▶ [SUPPLIED RECORDS]
———

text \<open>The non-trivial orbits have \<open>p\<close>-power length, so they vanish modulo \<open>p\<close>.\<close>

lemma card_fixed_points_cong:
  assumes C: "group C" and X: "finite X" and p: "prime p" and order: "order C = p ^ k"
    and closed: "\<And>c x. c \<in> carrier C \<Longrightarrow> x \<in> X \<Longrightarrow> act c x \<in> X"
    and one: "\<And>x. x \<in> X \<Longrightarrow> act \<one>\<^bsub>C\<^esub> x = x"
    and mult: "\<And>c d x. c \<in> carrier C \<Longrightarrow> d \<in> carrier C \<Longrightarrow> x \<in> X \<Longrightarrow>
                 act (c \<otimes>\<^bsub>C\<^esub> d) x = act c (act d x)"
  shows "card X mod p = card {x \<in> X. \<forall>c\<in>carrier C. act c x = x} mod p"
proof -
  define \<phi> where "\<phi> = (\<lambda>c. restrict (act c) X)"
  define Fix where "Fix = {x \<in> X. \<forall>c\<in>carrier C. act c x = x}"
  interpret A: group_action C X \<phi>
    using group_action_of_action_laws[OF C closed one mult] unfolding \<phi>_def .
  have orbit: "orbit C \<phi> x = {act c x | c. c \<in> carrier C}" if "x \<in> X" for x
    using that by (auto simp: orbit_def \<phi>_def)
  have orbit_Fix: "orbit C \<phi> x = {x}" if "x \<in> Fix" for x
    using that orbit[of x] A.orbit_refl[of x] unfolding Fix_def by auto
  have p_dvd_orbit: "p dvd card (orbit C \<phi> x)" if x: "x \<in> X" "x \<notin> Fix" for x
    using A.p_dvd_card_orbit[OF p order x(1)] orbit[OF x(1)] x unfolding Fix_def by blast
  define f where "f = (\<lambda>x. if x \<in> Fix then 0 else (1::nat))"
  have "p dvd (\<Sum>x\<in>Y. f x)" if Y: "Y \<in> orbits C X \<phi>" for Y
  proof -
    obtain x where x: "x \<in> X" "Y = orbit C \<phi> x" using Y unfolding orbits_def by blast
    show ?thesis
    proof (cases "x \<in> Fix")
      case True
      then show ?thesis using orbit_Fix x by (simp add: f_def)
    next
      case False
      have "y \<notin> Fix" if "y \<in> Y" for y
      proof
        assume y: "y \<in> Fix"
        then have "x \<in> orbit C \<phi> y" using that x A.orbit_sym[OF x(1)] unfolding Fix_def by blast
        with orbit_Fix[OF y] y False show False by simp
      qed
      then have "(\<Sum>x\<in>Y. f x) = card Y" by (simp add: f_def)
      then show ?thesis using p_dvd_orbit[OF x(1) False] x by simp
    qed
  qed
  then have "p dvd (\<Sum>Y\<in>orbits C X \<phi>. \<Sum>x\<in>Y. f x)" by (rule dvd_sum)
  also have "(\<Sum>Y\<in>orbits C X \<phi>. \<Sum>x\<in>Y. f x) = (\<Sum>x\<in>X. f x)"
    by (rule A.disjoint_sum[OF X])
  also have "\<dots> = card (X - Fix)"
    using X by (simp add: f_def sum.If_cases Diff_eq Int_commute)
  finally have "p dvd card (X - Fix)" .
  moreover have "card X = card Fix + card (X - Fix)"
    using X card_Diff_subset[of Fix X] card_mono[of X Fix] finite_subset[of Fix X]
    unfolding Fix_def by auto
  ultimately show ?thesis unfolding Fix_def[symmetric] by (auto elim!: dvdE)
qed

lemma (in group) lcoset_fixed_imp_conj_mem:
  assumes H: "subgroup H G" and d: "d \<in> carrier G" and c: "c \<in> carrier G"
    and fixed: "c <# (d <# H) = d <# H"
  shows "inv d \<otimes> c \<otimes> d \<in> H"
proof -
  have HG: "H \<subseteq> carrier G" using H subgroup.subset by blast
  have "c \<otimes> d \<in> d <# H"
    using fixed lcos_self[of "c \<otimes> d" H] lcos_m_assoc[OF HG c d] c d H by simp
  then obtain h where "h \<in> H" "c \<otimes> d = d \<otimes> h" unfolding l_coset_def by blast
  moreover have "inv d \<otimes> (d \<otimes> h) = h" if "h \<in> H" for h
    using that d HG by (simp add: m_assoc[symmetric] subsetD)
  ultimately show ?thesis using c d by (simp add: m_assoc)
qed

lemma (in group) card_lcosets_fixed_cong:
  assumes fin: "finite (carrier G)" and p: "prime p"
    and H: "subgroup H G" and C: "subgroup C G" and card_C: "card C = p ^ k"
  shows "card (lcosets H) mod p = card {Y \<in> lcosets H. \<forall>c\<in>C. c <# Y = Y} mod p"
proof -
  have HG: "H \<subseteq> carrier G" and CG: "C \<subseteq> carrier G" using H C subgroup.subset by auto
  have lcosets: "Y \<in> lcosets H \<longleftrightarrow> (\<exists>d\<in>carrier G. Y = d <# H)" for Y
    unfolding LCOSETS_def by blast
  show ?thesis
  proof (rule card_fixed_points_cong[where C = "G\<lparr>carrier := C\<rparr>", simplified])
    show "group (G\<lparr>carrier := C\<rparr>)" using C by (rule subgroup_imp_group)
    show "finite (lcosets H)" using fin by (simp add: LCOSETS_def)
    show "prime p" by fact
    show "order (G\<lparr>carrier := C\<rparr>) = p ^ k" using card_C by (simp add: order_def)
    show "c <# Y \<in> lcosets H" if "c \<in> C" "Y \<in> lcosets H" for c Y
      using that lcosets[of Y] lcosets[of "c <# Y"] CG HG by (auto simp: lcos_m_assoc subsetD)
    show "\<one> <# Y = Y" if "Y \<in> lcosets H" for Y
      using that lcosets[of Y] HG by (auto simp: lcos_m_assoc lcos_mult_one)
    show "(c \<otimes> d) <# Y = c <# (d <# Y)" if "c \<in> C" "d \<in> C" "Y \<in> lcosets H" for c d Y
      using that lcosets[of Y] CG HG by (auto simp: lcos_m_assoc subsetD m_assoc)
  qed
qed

———

▶ [REQUIRED ACTION] An accurate, complete transcription of the records above is needed.

▶ [WRITTEN REPLY]
text \<open>The non-trivial orbits have \<open>p\<close>-power length, so they vanish modulo \<open>p\<close>.\<close>

lemma card_fixed_points_cong:
  assumes C: "group C" and X: "finite X" and p: "prime p" and order: "order C = p ^ k"
    and closed: "\<And>c x. c \<in> carrier C \<Longrightarrow> x \<in> X \<Longrightarrow> act c x \<in> X"
    and one: "\<And>x. x \<in> X \<Longrightarrow> act \<one>\<^bsub>C\<^esub> x = x"
    and mult: "\<And>c d x. c \<in> carrier C \<Longrightarrow> d \<in> carrier C \<Longrightarrow> x \<in> X \<Longrightarrow>
                 act (c \<otimes>\<^bsub>C\<^esub> d) x = act c (act d x)"
  shows "card X mod p = card {x \<in> X. \<forall>c\<in>carrier C. act c x = x} mod p"
proof -
  define \<phi> where "\<phi> = (\<lambda>c. restrict (act c) X)"
  define Fix where "Fix = {x \<in> X. \<forall>c\<in>carrier C. act c x = x}"
  interpret A: group_action C X \<phi>
    using group_action_of_action_laws[OF C closed one mult] unfolding \<phi>_def .
  have orbit: "orbit C \<phi> x = {act c x | c. c \<in> carrier C}" if "x \<in> X" for x
    using that by (auto simp: orbit_def \<phi>_def)
  have orbit_Fix: "orbit C \<phi> x = {x}" if "x \<in> Fix" for x
    using that orbit[of x] A.orbit_refl[of x] unfolding Fix_def by auto
  have p_dvd_orbit: "p dvd card (orbit C \<phi> x)" if x: "x \<in> X" "x \<notin> Fix" for x
    using A.p_dvd_card_orbit[OF p order x(1)] orbit[OF x(1)] x unfolding Fix_def by blast
  define f where "f = (\<lambda>x. if x \<in> Fix then 0 else (1::nat))"
  have "p dvd (\<Sum>x\<in>Y. f x)" if Y: "Y \<in> orbits C X \<phi>" for Y
  proof -
    obtain x where x: "x \<in> X" "Y = orbit C \<phi> x" using Y unfolding orbits_def by blast
    show ?thesis
    proof (cases "x \<in> Fix")
      case True
      then show ?thesis using orbit_Fix x by (simp add: f_def)
    next
      case False
      have "y \<notin> Fix" if "y \<in> Y" for y
      proof
        assume y: "y \<in> Fix"
        then have "x \<in> orbit C \<phi> y" using that x A.orbit_sym[OF x(1)] unfolding Fix_def by blast
        with orbit_Fix[OF y] y False show False by simp
      qed
      then have "(\<Sum>x\<in>Y. f x) = card Y" by (simp add: f_def)
      then show ?thesis using p_dvd_orbit[OF x(1) False] x by simp
    qed
  qed
  then have "p dvd (\<Sum>Y\<in>orbits C X \<phi>. \<Sum>x\<in>Y. f x)" by (rule dvd_sum)
  also have "(\<Sum>Y\<in>orbits C X \<phi>. \<Sum>x\<in>Y. f x) = (\<Sum>x\<in>X. f x)"
    by (rule A.disjoint_sum[OF X])
  also have "\<dots> = card (X - Fix)"
    using X by (simp add: f_def sum.If_cases Diff_eq Int_commute)
  finally have "p dvd card (X - Fix)" .
  moreover have "card X = card Fix + card (X - Fix)"
    using X card_Diff_subset[of Fix X] card_mono[of X Fix] finite_subset[of Fix X]
    unfolding Fix_def by auto
  ultimately show ?thesis unfolding Fix_def[symmetric] by (auto elim!: dvdE)
qed

lemma (in group) lcoset_fixed_imp_conj_mem:
  assumes H: "subgroup H G" and d: "d \<in> carrier G" and c: "c \<in> carrier G"
    and fixed: "c <# (d <# H) = d <# H"
  shows "inv d \<otimes> c \<otimes> d \<in> H"
proof -
  have HG: "H \<subseteq> carrier G" using H subgroup.subset by blast
  have "c \<otimes> d \<in> d <# H"
    using fixed lcos_self[of "c \<otimes> d" H] lcos_m_assoc[OF HG c d] c d H by simp
  then obtain h where "h \<in> H" "c \<otimes> d = d \<otimes> h" unfolding l_coset_def by blast
  moreover have "inv d \<otimes> (d \<otimes> h) = h" if "h \<in> H" for h
    using that d HG by (simp add: m_assoc[symmetric] subsetD)
  ultimately show ?thesis using c d by (simp add: m_assoc)
qed

lemma (in group) card_lcosets_fixed_cong:
  assumes fin: "finite (carrier G)" and p: "prime p"
    and H: "subgroup H G" and C: "subgroup C G" and card_C: "card C = p ^ k"
  shows "card (lcosets H) mod p = card {Y \<in> lcosets H. \<forall>c\<in>C. c <# Y = Y} mod p"
proof -
  have HG: "H \<subseteq> carrier G" and CG: "C \<subseteq> carrier G" using H C subgroup.subset by auto
  have lcosets: "Y \<in> lcosets H \<longleftrightarrow> (\<exists>d\<in>carrier G. Y = d <# H)" for Y
    unfolding LCOSETS_def by blast
  show ?thesis
  proof (rule card_fixed_points_cong[where C = "G\<lparr>carrier := C\<rparr>", simplified])
    show "group (G\<lparr>carrier := C\<rparr>)" using C by (rule subgroup_imp_group)
    show "finite (lcosets H)" using fin by (simp add: LCOSETS_def)
    show "prime p" by fact
    show "order (G\<lparr>carrier := C\<rparr>) = p ^ k" using card_C by (simp add: order_def)
    show "c <# Y \<in> lcosets H" if "c \<in> C" "Y \<in> lcosets H" for c Y
      using that lcosets[of Y] lcosets[of "c <# Y"] CG HG by (auto simp: lcos_m_assoc subsetD)
    show "\<one> <# Y = Y" if "Y \<in> lcosets H" for Y
      using that lcosets[of Y] HG by (auto simp: lcos_m_assoc lcos_mult_one)
    show "(c \<otimes> d) <# Y = c <# (d <# Y)" if "c \<in> C" "d \<in> C" "Y \<in> lcosets H" for c d Y
      using that lcosets[of Y] CG HG by (auto simp: lcos_m_assoc subsetD m_assoc)
  qed
qed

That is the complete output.